Write out the stretch of lines below that begins at the line with "(forbidden v) <" and ends at the line with "then obtain c", including both, exactly as given and nothing more.

▶ [DATA SHOWN]

.....

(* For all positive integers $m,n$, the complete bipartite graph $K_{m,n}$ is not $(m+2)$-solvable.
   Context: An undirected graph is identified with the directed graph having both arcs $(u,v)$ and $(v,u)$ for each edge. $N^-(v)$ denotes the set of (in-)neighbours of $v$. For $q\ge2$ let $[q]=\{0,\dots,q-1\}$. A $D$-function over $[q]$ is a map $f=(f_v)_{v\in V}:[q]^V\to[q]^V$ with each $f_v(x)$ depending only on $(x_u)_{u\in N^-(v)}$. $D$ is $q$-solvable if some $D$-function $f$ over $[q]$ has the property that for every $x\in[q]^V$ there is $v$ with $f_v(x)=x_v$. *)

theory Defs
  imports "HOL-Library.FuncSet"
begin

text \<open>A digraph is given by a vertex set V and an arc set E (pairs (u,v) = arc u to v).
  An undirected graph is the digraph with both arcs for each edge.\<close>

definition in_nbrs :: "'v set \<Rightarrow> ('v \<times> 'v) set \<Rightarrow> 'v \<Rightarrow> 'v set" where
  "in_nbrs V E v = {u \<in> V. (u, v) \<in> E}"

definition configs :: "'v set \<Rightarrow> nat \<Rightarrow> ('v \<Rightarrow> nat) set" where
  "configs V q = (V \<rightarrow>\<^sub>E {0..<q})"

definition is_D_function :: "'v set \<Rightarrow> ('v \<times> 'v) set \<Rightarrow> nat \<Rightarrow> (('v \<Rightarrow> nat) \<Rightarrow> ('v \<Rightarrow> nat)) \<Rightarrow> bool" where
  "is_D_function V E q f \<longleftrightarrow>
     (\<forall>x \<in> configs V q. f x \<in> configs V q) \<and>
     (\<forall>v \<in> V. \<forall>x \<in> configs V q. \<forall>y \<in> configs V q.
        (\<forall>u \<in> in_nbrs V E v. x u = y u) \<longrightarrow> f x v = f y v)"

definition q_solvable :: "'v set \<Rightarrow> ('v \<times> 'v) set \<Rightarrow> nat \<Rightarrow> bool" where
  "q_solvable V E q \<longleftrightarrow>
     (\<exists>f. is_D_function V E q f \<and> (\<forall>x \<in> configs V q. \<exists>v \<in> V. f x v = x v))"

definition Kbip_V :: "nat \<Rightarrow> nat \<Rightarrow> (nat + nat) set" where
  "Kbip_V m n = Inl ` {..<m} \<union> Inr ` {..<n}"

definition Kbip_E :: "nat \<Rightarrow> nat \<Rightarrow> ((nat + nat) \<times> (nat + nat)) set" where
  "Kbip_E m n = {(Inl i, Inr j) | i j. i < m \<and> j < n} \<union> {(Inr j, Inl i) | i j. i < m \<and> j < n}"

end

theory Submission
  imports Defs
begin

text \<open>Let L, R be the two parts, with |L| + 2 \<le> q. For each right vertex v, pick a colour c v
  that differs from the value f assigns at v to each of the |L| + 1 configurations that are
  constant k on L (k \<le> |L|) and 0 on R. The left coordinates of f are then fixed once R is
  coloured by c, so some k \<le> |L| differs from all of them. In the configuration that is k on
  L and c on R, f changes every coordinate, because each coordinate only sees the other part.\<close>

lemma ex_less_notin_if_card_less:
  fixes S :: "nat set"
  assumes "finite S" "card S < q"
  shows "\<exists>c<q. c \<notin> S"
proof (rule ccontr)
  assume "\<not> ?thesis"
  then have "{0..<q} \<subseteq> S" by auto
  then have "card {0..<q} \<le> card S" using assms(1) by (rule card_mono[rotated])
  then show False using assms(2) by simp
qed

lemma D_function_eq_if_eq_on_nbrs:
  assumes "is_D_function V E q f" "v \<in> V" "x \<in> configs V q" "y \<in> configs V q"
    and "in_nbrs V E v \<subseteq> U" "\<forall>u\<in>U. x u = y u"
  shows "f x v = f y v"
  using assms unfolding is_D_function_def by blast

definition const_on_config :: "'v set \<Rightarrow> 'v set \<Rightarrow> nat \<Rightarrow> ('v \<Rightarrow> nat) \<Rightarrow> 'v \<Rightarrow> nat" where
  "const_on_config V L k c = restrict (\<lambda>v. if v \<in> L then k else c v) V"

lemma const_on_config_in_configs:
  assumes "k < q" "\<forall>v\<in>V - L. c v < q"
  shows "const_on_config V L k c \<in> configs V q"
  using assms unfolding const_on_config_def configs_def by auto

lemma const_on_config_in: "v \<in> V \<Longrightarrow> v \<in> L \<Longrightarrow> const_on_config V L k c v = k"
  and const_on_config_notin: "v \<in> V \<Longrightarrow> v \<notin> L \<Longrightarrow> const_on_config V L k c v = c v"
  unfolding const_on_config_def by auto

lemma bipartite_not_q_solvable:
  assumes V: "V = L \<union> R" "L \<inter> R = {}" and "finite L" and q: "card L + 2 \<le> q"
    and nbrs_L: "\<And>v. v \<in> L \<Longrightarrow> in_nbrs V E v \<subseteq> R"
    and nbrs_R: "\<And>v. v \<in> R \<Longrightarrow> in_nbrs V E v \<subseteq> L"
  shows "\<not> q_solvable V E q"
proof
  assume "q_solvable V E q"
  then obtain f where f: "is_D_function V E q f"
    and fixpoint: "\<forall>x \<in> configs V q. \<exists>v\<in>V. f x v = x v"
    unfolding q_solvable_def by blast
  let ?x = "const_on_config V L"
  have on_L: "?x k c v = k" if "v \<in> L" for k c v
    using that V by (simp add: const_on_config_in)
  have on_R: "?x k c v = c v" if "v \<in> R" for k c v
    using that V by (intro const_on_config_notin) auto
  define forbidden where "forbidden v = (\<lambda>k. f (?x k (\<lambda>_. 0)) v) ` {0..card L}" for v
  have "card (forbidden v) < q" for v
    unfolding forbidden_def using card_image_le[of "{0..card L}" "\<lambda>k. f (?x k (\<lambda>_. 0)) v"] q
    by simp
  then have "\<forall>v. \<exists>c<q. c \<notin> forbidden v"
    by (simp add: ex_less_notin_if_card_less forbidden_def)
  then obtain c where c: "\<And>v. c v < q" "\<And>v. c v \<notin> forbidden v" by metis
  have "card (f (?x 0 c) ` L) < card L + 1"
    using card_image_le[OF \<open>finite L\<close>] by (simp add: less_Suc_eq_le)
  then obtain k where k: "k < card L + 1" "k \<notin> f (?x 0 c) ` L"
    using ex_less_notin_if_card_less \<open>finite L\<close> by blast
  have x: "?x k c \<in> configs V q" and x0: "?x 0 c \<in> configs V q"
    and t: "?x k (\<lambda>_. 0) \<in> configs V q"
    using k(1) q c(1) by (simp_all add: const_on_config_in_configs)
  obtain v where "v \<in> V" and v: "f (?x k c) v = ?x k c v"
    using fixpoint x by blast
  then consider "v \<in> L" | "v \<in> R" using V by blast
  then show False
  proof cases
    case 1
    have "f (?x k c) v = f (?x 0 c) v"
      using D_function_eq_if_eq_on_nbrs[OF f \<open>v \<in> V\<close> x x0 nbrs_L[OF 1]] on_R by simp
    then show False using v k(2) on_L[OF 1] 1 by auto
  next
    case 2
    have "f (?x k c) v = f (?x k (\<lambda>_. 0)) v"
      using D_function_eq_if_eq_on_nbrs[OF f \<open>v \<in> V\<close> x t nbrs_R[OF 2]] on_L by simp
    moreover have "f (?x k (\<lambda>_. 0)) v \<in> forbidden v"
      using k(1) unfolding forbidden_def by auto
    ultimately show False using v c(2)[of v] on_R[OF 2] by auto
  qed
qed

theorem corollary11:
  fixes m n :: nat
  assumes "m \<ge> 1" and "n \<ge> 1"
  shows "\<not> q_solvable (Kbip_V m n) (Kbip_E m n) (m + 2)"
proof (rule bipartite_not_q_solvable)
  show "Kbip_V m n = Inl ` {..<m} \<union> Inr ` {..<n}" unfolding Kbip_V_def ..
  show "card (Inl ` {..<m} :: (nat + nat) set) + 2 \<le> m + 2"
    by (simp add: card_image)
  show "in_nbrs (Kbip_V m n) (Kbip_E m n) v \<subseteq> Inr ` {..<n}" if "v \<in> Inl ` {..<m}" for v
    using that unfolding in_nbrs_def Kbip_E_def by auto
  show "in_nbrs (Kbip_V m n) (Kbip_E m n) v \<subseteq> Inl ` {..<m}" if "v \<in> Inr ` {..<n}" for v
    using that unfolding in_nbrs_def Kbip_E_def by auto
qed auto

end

.....

▶ [ANSWER SPACE]
  have "card (forbidden v) < q" for v
    unfolding forbidden_def using card_image_le[of "{0..card L}" "\<lambda>k. f (?x k (\<lambda>_. 0)) v"] q
    by simp
  then have "\<forall>v. \<exists>c<q. c \<notin> forbidden v"
    by (simp add: ex_less_notin_if_card_less forbidden_def)
  then obtain c where c: "\<And>v. c v < q" "\<And>v. c v \<notin> forbidden v" by metis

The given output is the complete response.